**What is required:** Give back only the lines in the records below from the one with "using eqs(2) by" to the one with "i j k l = C", both inclusive, word for word.

━━━━━━

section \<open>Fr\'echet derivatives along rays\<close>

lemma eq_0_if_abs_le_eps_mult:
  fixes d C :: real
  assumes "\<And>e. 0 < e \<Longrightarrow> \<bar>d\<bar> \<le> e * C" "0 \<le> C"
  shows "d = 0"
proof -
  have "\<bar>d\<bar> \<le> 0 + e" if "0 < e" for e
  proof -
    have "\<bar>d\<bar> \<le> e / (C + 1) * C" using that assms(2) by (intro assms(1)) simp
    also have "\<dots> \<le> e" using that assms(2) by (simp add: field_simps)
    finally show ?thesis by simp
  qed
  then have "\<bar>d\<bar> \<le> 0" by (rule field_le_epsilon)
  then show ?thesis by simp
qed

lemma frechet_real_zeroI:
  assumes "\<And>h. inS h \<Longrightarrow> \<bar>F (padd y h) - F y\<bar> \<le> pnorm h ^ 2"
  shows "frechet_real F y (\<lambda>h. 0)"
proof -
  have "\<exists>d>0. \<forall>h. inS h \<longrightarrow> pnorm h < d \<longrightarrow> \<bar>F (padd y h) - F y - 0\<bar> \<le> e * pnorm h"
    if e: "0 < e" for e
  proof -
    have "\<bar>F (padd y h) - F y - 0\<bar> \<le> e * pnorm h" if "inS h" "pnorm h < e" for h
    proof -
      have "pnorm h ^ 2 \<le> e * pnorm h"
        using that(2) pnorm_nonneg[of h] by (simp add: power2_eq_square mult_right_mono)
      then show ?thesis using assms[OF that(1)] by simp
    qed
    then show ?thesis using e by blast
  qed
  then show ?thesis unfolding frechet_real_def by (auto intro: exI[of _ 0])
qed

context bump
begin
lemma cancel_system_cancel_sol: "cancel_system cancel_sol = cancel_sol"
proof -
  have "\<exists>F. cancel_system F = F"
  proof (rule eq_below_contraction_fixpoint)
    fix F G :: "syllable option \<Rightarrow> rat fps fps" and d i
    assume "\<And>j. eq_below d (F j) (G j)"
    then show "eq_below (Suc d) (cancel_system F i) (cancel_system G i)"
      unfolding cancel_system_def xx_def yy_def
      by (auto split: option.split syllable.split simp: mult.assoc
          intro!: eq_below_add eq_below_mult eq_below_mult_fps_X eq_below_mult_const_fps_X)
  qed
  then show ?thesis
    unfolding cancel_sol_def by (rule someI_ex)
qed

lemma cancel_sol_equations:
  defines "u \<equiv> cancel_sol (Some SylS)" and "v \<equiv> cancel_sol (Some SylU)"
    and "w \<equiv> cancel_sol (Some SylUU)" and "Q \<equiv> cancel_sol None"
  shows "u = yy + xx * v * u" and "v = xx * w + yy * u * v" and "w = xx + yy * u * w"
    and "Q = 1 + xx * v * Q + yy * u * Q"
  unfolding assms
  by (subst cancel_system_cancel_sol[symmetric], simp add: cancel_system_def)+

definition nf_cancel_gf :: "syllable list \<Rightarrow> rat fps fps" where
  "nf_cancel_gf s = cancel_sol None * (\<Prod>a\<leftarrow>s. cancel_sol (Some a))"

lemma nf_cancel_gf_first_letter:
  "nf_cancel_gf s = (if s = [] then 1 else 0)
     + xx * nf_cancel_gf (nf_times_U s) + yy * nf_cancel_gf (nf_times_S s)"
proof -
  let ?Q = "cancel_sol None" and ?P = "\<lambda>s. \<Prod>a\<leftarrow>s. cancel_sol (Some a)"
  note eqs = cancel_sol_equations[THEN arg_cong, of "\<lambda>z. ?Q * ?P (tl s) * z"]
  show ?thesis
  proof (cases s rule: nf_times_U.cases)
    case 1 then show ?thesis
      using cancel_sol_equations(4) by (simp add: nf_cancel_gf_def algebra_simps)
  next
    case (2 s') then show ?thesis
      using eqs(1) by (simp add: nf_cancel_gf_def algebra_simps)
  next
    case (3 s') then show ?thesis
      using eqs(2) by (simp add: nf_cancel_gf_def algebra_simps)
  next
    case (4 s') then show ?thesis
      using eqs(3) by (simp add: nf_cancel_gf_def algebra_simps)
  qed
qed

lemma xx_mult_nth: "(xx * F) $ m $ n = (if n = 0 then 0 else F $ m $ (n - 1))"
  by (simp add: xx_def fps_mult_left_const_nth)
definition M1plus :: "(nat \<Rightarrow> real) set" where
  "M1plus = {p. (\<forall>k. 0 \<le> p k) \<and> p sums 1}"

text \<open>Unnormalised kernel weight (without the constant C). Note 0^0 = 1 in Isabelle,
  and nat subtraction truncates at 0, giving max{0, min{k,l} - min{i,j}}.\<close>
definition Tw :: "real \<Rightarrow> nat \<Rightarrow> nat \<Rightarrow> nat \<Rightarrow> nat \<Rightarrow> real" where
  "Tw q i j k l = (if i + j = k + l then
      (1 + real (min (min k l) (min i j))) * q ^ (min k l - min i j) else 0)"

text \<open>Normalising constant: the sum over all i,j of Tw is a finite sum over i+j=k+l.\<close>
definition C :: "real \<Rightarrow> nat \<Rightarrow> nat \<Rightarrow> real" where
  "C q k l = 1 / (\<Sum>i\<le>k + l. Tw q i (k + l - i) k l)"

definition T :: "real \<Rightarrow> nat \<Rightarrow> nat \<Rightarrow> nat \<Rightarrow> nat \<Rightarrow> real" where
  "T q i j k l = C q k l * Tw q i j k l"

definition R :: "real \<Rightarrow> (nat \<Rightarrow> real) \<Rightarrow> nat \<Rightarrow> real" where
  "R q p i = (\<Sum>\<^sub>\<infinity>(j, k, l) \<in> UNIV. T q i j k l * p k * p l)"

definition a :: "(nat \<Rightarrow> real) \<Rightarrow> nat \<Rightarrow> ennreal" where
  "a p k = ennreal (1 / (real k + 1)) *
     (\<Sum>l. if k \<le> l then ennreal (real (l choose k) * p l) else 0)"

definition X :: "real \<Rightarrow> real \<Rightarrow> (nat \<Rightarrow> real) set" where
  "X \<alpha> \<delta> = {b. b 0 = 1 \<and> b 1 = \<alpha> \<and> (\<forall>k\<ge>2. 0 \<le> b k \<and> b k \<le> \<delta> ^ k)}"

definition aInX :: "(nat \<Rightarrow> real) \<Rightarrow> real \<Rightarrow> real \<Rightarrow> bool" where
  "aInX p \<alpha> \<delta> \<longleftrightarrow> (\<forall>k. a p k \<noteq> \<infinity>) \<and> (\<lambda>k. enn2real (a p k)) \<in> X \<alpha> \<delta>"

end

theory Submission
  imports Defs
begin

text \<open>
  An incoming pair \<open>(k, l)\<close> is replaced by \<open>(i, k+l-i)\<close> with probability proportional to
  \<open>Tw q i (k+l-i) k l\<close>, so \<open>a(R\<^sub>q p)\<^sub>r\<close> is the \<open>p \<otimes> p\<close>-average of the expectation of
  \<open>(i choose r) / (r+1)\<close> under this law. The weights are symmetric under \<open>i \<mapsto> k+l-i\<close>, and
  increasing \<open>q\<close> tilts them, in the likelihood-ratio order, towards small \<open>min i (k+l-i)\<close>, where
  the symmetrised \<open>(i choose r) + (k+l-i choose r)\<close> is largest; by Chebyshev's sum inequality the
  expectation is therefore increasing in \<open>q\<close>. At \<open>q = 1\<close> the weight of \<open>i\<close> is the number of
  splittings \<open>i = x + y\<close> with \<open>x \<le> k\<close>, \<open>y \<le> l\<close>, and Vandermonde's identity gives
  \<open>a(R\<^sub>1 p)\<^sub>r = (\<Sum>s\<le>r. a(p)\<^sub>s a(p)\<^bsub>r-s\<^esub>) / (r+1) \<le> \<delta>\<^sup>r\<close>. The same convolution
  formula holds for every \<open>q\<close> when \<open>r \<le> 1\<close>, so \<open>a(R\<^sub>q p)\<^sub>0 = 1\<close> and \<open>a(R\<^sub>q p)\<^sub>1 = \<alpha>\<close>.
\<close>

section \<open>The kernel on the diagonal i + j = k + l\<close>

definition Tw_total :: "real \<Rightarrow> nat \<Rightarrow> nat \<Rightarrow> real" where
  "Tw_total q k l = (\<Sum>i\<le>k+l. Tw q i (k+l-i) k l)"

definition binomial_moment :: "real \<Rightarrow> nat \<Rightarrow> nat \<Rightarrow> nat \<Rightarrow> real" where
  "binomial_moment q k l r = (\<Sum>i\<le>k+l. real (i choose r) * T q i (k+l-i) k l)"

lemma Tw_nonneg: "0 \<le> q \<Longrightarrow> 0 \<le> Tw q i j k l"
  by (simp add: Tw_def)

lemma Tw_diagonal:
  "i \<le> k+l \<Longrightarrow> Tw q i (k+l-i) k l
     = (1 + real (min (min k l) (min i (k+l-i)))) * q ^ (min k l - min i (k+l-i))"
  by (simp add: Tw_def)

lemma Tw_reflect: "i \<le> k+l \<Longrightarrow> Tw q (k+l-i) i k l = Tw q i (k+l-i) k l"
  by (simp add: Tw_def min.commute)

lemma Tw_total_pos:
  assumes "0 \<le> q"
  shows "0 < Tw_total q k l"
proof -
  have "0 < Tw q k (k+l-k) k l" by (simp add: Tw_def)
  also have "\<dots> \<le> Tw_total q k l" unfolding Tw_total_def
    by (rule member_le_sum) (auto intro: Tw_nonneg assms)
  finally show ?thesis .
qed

━━━━━━

**Your response:**
      using eqs(2) by (simp add: nf_cancel_gf_def algebra_simps)
  next
    case (4 s') then show ?thesis
      using eqs(3) by (simp add: nf_cancel_gf_def algebra_simps)
  qed
qed

lemma xx_mult_nth: "(xx * F) $ m $ n = (if n = 0 then 0 else F $ m $ (n - 1))"
  by (simp add: xx_def fps_mult_left_const_nth)
definition M1plus :: "(nat \<Rightarrow> real) set" where
  "M1plus = {p. (\<forall>k. 0 \<le> p k) \<and> p sums 1}"

text \<open>Unnormalised kernel weight (without the constant C). Note 0^0 = 1 in Isabelle,
  and nat subtraction truncates at 0, giving max{0, min{k,l} - min{i,j}}.\<close>
definition Tw :: "real \<Rightarrow> nat \<Rightarrow> nat \<Rightarrow> nat \<Rightarrow> nat \<Rightarrow> real" where
  "Tw q i j k l = (if i + j = k + l then
      (1 + real (min (min k l) (min i j))) * q ^ (min k l - min i j) else 0)"

text \<open>Normalising constant: the sum over all i,j of Tw is a finite sum over i+j=k+l.\<close>
definition C :: "real \<Rightarrow> nat \<Rightarrow> nat \<Rightarrow> real" where
  "C q k l = 1 / (\<Sum>i\<le>k + l. Tw q i (k + l - i) k l)"

definition T :: "real \<Rightarrow> nat \<Rightarrow> nat \<Rightarrow> nat \<Rightarrow> nat \<Rightarrow> real" where
  "T q i j k l = C q k l * Tw q i j k l"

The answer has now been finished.